Watching TV during the closing end of a U.S. presidential campaign is a bracing experience. Dense politics dominates everything.

On Sunday, CNN has two back-to-back specials. First up is Romney Revealed: Faith, Family & the Road to Power (CNN, 8 p.m.), which includes an interview with Mitt Romney who, we are told, "shares the lessons he learned while growing up in the public eye." Then it's Obama Revealed: The Man, The President (CNN, 9:30 p.m.) and it has CNN's Jessica Yellin speaking with Obama about "his ambitions for a second term."

It's unlikely either program will be as thoughtful as Frontline's recent The Choice: 2012, but both programs will be watched closely by many of those still trying to figure out the candidates. Amid the obfuscations and hype.

For all of that, another show dominates the weekend. That's Homeland (Sunday, Super Channel 10 p.m.) but it, too, is linked to the U.S. presidential race and all those tangled ideas about truth.
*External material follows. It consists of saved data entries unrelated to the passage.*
(* Let $\mathcal{X}$ be a set and let $k:\mathcal{X}\times\mathcal{X}\to\mathbb{R}_{\ge 0}$ be a symmetric positive semidefinite function (i.e. for every finite subset $\{x_1,\dots,x_m\}\subseteq\mathcal{X}$ the matrix $(k(x_i,x_j))_{i,j}$ is positive semidefinite) whose image $\{k(x,y):x,y\in\mathcal{X}\}$ has exactly two elements. Then $k$ is a strong kernel.
   Context: A strong kernel on a set $\mathcal{X}$ is a symmetric function $k:\mathcal{X}\times\mathcal{X}\to\mathbb{R}_{\ge 0}$ such that $k(x,y)\ge\min\{k(x,z),k(z,y)\}$ for all $x,y,z\in\mathcal{X}$. *)

theory Defs
  imports Complex_Main
begin

definition nonneg_sym_kernel :: "'a set \<Rightarrow> ('a \<Rightarrow> 'a \<Rightarrow> real) \<Rightarrow> bool" where
  "nonneg_sym_kernel X k \<longleftrightarrow>
     (\<forall>x\<in>X. \<forall>y\<in>X. k x y \<ge> 0 \<and> k x y = k y x)"

definition psd_kernel :: "'a set \<Rightarrow> ('a \<Rightarrow> 'a \<Rightarrow> real) \<Rightarrow> bool" where
  "psd_kernel X k \<longleftrightarrow>
     (\<forall>S c. finite S \<longrightarrow> S \<subseteq> X \<longrightarrow>
        (\<Sum>x\<in>S. \<Sum>y\<in>S. c x * c y * k x y) \<ge> 0)"

definition strong_kernel :: "'a set \<Rightarrow> ('a \<Rightarrow> 'a \<Rightarrow> real) \<Rightarrow> bool" where
  "strong_kernel X k \<longleftrightarrow> nonneg_sym_kernel X k \<and>
     (\<forall>x\<in>X. \<forall>y\<in>X. \<forall>z\<in>X. k x y \<ge> min (k x z) (k z y))"

end

theory Submission
  imports Defs
begin

text \<open>If k took the value a < b with k x y = a and k x z = k z y = b, then testing the Gram
  matrix with the vector (1, -1) on {x, z} (when x = y) or with (1, 1, -2) on {x, y, z}
  (when x \<noteq> y) gives a negative quadratic form, since every diagonal entry is at most b.\<close>

lemma psd_kernelD:
  assumes "psd_kernel X k" "finite S" "S \<subseteq> X"
  shows "0 \<le> (\<Sum>x\<in>S. \<Sum>y\<in>S. c x * c y * k x y)"
  using assms unfolding psd_kernel_def by blast

lemma nonneg_sym_kernel_sym:
  assumes "nonneg_sym_kernel X k" "x \<in> X" "y \<in> X"
  shows "k x y = k y x"
  using assms unfolding nonneg_sym_kernel_def by blast

lemma psd_kernel_pair:
  assumes "nonneg_sym_kernel X k" "psd_kernel X k"
    and "x \<in> X" "z \<in> X" "x \<noteq> z"
  shows "2 * k x z \<le> k x x + k z z"
proof -
  define c where "c = (\<lambda>u. if u = x then (1::real) else -1)"
  have "0 \<le> (\<Sum>u\<in>{x,z}. \<Sum>v\<in>{x,z}. c u * c v * k u v)"
    using assms(3,4) by (intro psd_kernelD[OF assms(2)]) auto
  also have "\<dots> = k x x - k x z - k z x + k z z"
    using \<open>x \<noteq> z\<close> by (simp add: c_def)
  finally show ?thesis
    using nonneg_sym_kernel_sym[OF assms(1,4,3)] by simp
qed

lemma psd_kernel_triple:
  assumes "nonneg_sym_kernel X k" "psd_kernel X k"
    and "x \<in> X" "y \<in> X" "z \<in> X" "x \<noteq> y" "x \<noteq> z" "y \<noteq> z"
  shows "4 * (k x z + k y z) \<le> k x x + k y y + 2 * k x y + 4 * k z z"
proof -
  define c where "c = (\<lambda>u. if u = z then (-2::real) else 1)"
  have "0 \<le> (\<Sum>u\<in>{x,y,z}. \<Sum>v\<in>{x,y,z}. c u * c v * k u v)"
    using assms(3-5) by (intro psd_kernelD[OF assms(2)]) auto
  also have "\<dots> = k x x + k x y - 2 * k x z + k y x + k y y - 2 * k y z
                   - 2 * k z x - 2 * k z y + 4 * k z z"
    using assms(6-8) by (simp add: c_def)
  finally show ?thesis
    using nonneg_sym_kernel_sym[OF assms(1,4,3)] nonneg_sym_kernel_sym[OF assms(1,5,3)]
      nonneg_sym_kernel_sym[OF assms(1,5,4)] by simp
qed

lemma strong_kernel_if_two_valued:
  assumes sym: "nonneg_sym_kernel X k" and psd: "psd_kernel X k"
    and vals: "\<And>x y. x \<in> X \<Longrightarrow> y \<in> X \<Longrightarrow> k x y \<in> {a, b}"
  shows "strong_kernel X k"
proof -
  have "min (k x z) (k z y) \<le> k x y" if xyz: "x \<in> X" "y \<in> X" "z \<in> X" for x y z
  proof (rule ccontr)
    assume "\<not> ?thesis"
    then have lt: "k x y < k x z" "k x y < k z y" by auto
    have ab: "{a, b} = {k x y, k x z}"
      using vals[of x y] vals[of x z] xyz lt by fastforce
    have top: "k u v \<le> k x z" if "u \<in> X" "v \<in> X" for u v
      using vals[OF that] lt unfolding ab by auto
    have "k z y \<in> {k x y, k x z}"
      using vals[of z y] xyz unfolding ab by blast
    then have kzy: "k z y = k x z"
      using lt by auto
    have kyz: "k y z = k z y"
      using nonneg_sym_kernel_sym[OF sym xyz(2,3)] .
    have "x \<noteq> z" "y \<noteq> z"
      using lt by auto
    show False
    proof (cases "x = y")
      case True
      then show False
        using psd_kernel_pair[OF sym psd \<open>x \<in> X\<close> \<open>z \<in> X\<close> \<open>x \<noteq> z\<close>] top[OF xyz(3,3)] lt
        by simp
    next
      case False
      then show False
        using psd_kernel_triple[OF sym psd xyz False \<open>x \<noteq> z\<close> \<open>y \<noteq> z\<close>]
          top[OF xyz(1,1)] top[OF xyz(2,2)] top[OF xyz(3,3)] lt kzy kyz
        by argo
    qed
  qed
  then show ?thesis
    using sym unfolding strong_kernel_def by blast
qed

theorem mainTheorem5:
  fixes X :: "'a set" and k :: "'a \<Rightarrow> 'a \<Rightarrow> real"
  assumes "nonneg_sym_kernel X k"
    and "psd_kernel X k"
    and "card {k x y | x y. x \<in> X \<and> y \<in> X} = 2"
  shows "strong_kernel X k"
proof -
  obtain a b where "{k x y | x y. x \<in> X \<and> y \<in> X} = {a, b}"
    using assms(3) by (auto simp: card_2_iff)
  then have "k x y \<in> {a, b}" if "x \<in> X" "y \<in> X" for x y
    using that by blast
  then show ?thesis
    using strong_kernel_if_two_valued[OF assms(1,2)] by blast
qed

end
They are the engine that drives the show and, of course, it is well-known that Homeland is a great favourite of Obama.

Most people who watched last week's episode had a jaw-dropping experience at the end. (This is a rare occasion when you're told to quit reading here if you don't want too much information.) It was a twist that seemed to come too soon, and involved terrorist Brody (Damian Lewis) becoming totally trapped in his own tangle of lies. "What's next?" the viewer had to ask. Brody as double or triple agent? And with his loyalty owed to whom? The show has officially been given a third season and one has to wonder where the plot can possibly go.

What makes Homeland so interesting, to Obama and a lot of others obviously, is how deftly it deals with issues of loyalty and faith in a time of much lying and officially endorsed deceit caused by national panic about terrorism. Carrie (Claire Danes) is the only one who instinctively knows the truth, and yet she is officially designated as mentally disturbed, suffering from bipolar disorder. Sometimes – and this is something a politician would savour – the truth is kept secret or covered up in order to protect a nation, a family or a government. All of this makes Homeland seem well-plotted, serious and pleasingly provocative.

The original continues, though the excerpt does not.